[Collected data entries]
+===+

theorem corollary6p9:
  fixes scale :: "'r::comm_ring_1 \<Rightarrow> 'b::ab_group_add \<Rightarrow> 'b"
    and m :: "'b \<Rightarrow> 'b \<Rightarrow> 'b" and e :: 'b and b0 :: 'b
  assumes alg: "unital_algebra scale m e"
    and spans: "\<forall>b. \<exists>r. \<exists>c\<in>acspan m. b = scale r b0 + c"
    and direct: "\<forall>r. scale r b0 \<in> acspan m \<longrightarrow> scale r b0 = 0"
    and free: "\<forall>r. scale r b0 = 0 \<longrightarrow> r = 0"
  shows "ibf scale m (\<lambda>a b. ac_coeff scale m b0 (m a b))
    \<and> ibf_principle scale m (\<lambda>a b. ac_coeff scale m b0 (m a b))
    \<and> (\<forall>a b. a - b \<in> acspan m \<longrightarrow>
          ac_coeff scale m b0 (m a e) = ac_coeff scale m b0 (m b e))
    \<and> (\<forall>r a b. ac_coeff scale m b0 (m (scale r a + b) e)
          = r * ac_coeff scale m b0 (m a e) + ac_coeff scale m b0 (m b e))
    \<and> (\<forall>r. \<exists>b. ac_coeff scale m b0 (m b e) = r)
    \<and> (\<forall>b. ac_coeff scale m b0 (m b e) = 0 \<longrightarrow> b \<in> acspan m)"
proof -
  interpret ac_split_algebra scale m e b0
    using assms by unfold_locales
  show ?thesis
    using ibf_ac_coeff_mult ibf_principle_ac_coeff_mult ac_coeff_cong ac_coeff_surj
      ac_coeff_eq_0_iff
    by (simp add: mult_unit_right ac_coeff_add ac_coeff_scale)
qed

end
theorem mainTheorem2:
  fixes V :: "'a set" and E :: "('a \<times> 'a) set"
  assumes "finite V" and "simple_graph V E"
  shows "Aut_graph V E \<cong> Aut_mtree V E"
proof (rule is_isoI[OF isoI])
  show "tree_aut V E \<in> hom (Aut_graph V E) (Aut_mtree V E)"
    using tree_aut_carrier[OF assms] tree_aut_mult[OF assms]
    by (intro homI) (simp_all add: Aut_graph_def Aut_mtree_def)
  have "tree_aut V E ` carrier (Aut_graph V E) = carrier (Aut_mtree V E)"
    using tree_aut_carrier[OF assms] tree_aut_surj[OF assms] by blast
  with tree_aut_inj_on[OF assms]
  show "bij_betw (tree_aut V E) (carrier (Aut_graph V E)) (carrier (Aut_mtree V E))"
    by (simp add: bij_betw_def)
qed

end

+===+

WHAT TO WORK ON: Here the output must be the lines above from the line with "r * ac_coeff" to the line with "E \<in> hom", both included, duplicated word for word and nothing else.

TASK OUTPUT:
          = r * ac_coeff scale m b0 (m a e) + ac_coeff scale m b0 (m b e))
    \<and> (\<forall>r. \<exists>b. ac_coeff scale m b0 (m b e) = r)
    \<and> (\<forall>b. ac_coeff scale m b0 (m b e) = 0 \<longrightarrow> b \<in> acspan m)"
proof -
  interpret ac_split_algebra scale m e b0
    using assms by unfold_locales
  show ?thesis
    using ibf_ac_coeff_mult ibf_principle_ac_coeff_mult ac_coeff_cong ac_coeff_surj
      ac_coeff_eq_0_iff
    by (simp add: mult_unit_right ac_coeff_add ac_coeff_scale)
qed

end
theorem mainTheorem2:
  fixes V :: "'a set" and E :: "('a \<times> 'a) set"
  assumes "finite V" and "simple_graph V E"
  shows "Aut_graph V E \<cong> Aut_mtree V E"
proof (rule is_isoI[OF isoI])
  show "tree_aut V E \<in> hom (Aut_graph V E) (Aut_mtree V E)"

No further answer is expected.